Contact with peers works
When a person is found to be in pain that for whatever reason will not go away, they are often told to 'just learn to live with it'. However, no doctor has a prescription for that.
In general, it is difficult for doctors, due to the limited time available to them, to guide patients extensively in this. Many people do not want to go to a social worker or other (psychosocial) counsellor, because unfortunately there is still often a prejudice against them.
However, it has been shown that it is very sensible in such a situation to do contact contact a patient organisation. There you will find people with the same complaints. You can talk to these 'Experts by experience' experience how others have learned to cope with their condition. There you will also hear what solutions have been devised or found to better cope with the limitations.
Often people discover during the first conversation with peers that this is where they get real understanding.

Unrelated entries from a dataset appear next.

(* Let $n, a_1,\ldots,a_n$ be positive integers and let $M=M_{a_1,\ldots,a_n}=\prod_{k=1}^{n}\begin{pmatrix}0&1\\ 1&a_k\end{pmatrix}$ (product from left to right). Then $(a_1,a_2,\ldots,a_n)$ is one of the LLS periods of $M$.
   Context: Let $O=(0,0)$. For vectors $u,v\in\mathbb{R}^2$, $\det(u,v)$ is the determinant of the matrix with columns $u,v$; for points $X,Y$, $XY$ denotes the vector $Y-X$. An integer point is a point of $\mathbb{Z}^2$. All angles considered are convex angles with vertex $O$. The sail of such an angle is defined as follows: take the convex hull of all integer points in the closed angle other than $O$; the sail is the broken line formed by the boundary of this convex hull with the (possibly empty) rays lying on the edges of the angle removed (their endpoints kept). It is oriented from the first edge of the angle to the second. For a broken line $\ldots A_{k-1}A_kA_{k+1}\ldots$ (finite or infinite, vertices being the break points, with $O,A_k,A_{k+1}$ never collinear) its LLS sequence is given by $a_{2k}=\det(OA_k,OA_{k+1})$ for each edge $A_kA_{k+1}$ and $a_{2k-1}=\det(A_kA_{k-1},A_kA_{k+1})/(a_{2k-2}a_{2k})$ for each interior vertex $A_k$. The LLS sequence of an angle is the sequence of absolute values of the LLS sequence of its sail. Let $M\in\mathrm{GL}(2,\mathbb{Z})$ have two distinct real irrational eigenvalues. The complement of the union of its two eigenlines consists of four open cones; the sails of (the closures of) these cones are the sails associated to $M$ (they are bi-infinite broken lines). The LLS sequence of $M$ is the (bi-infinite) LLS sequence of an associated sail; it is known that all associated sails give the same sequence up to a shift of indices. $M^2$ maps each associated sail to itself, shifting its vertices by some number $n'\ge1$ of positions; any block of $n'$ consecutive entries of the LLS sequence of $M$ is called an LLS period of $M$. *)

theory Defs
  imports "HOL-Analysis.Analysis"
begin

text \<open>Points / vectors of the plane are elements of real^2; integer 2x2 matrices
  are represented as real^2^2 with integer entries.\<close>

definition det2 :: "real^2 \<Rightarrow> real^2 \<Rightarrow> real" where
  "det2 u v = u$1 * v$2 - u$2 * v$1"

definition is_int_point :: "real^2 \<Rightarrow> bool" where
  "is_int_point p \<longleftrightarrow> p$1 \<in> \<int> \<and> p$2 \<in> \<int>"

definition angle_set :: "real^2 \<Rightarrow> real^2 \<Rightarrow> (real^2) set" where
  "angle_set u w = {s *\<^sub>R u + t *\<^sub>R w | s t. 0 \<le> s \<and> 0 \<le> t}"

definition sail_hull :: "real^2 \<Rightarrow> real^2 \<Rightarrow> (real^2) set" where
  "sail_hull u w = convex hull {p. p \<in> angle_set u w \<and> is_int_point p \<and> p \<noteq> 0}"

definition sail_vertices :: "real^2 \<Rightarrow> real^2 \<Rightarrow> (real^2) set" where
  "sail_vertices u w = {p. p extreme_point_of (sail_hull u w)}"

text \<open>A bi-infinite enumeration A of the vertices of the sail of the angle (u,w),
  oriented from the first edge (u) to the second edge (w): consecutive vertices
  turn in the same rotational sense as u to w.\<close>
definition sail_param :: "real^2 \<Rightarrow> real^2 \<Rightarrow> (int \<Rightarrow> real^2) \<Rightarrow> bool" where
  "sail_param u w A \<longleftrightarrow>
     bij_betw A UNIV (sail_vertices u w) \<and> (\<forall>k. 0 < det2 u w * det2 (A k) (A (k + 1)))"

text \<open>Absolute values of the LLS sequence of the broken line with vertices A:
  entry 2k is det(OA_k, OA_(k+1)), entry 2k-1 is
  det(A_k A_(k-1), A_k A_(k+1)) / (a_(2k-2) a_(2k)).\<close>
definition lls :: "(int \<Rightarrow> real^2) \<Rightarrow> int \<Rightarrow> real" where
  "lls A j =
     (if even j then \<bar>det2 (A (j div 2)) (A (j div 2 + 1))\<bar>
      else (let k = (j + 1) div 2 in
              \<bar>det2 (A (k - 1) - A k) (A (k + 1) - A k)\<bar> /
              (\<bar>det2 (A (k - 1)) (A k)\<bar> * \<bar>det2 (A k) (A (k + 1))\<bar>)))"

The step to a patient organisation is very difficult, because by doing so, you are basically indicating that you 'have something wrong' and that you cannot cope with that problem on your own.
Still, the experience is that everyone wished they had been sooner in contact with us.
The core of our patient organisation is providing information to and engaging with people with chronic pain by people who themselves know what it is like to have chronic pain. There are different forms of peer contact
- telephone contact
- Contact meeting
- walk-in consultancy
- Social media
The function of this peer contact is to find:
- Recognition and acknowledgement
- Information
- Support and encouragement
- New contacts
The power of a contact meeting lies in the fact that, as a person with chronic pain, you can find help and support in coping with chronic pain for longer. That people understand you with half a word and common comments are therefore:
- I wish I had known this earlier
- I found myself in a warm bath
- Why didn't my doctor refer me here right away
Sharing and exchanging experiences are thus at the centre. We do not provide therapy and cannot help you get rid of pain. However, we can stand beside you and help with learning to manage your chronic pain.
Patient organisations have many informational materials available about your specific illness or disability.
A patient organisation can also do a lot for partners, children, family, friends, nurses, doctors and so on by providing information.
The Pain Hope Foundation organises regular meetings for fellow sufferers in various places in the Netherlands.
You can always contact us contact Whether or not you decide you want to know more or become a donor is up to you.
Pain Hope does not have a solution for pain, but our staff do understand the additional problems.